## RECORDS SUPPLIED
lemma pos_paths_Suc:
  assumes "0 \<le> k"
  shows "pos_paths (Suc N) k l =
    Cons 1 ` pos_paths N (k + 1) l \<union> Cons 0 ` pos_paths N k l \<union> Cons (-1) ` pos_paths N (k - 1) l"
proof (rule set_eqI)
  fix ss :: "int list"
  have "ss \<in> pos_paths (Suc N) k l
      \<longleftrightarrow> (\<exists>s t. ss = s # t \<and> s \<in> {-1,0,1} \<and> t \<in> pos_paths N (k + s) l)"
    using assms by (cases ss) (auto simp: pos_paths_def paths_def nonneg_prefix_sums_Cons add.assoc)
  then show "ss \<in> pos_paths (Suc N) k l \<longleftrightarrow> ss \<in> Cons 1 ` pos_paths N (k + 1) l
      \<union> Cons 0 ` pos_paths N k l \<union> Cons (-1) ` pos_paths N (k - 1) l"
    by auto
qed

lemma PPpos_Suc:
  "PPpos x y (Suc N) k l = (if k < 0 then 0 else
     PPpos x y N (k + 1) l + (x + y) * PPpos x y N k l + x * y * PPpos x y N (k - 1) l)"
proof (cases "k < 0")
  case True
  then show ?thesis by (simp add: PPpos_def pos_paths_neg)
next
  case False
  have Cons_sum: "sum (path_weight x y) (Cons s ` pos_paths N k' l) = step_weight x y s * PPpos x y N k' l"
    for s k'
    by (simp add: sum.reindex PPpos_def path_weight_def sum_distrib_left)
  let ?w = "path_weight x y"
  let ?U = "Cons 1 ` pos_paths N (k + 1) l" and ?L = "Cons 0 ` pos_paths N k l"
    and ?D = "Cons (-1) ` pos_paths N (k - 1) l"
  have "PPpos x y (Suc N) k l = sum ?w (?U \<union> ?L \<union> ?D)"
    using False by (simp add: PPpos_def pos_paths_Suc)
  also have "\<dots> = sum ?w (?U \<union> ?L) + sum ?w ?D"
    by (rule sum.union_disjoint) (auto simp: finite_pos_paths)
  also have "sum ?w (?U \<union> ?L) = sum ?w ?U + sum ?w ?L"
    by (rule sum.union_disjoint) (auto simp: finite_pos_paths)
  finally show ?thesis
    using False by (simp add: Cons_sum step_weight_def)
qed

## EXERCISE GOAL
Those lines above that contain the string "thesis" should be returned.

## ANSWER TO THIS EXERCISE
  then show ?thesis by (simp add: PPpos_def pos_paths_neg)
  finally show ?thesis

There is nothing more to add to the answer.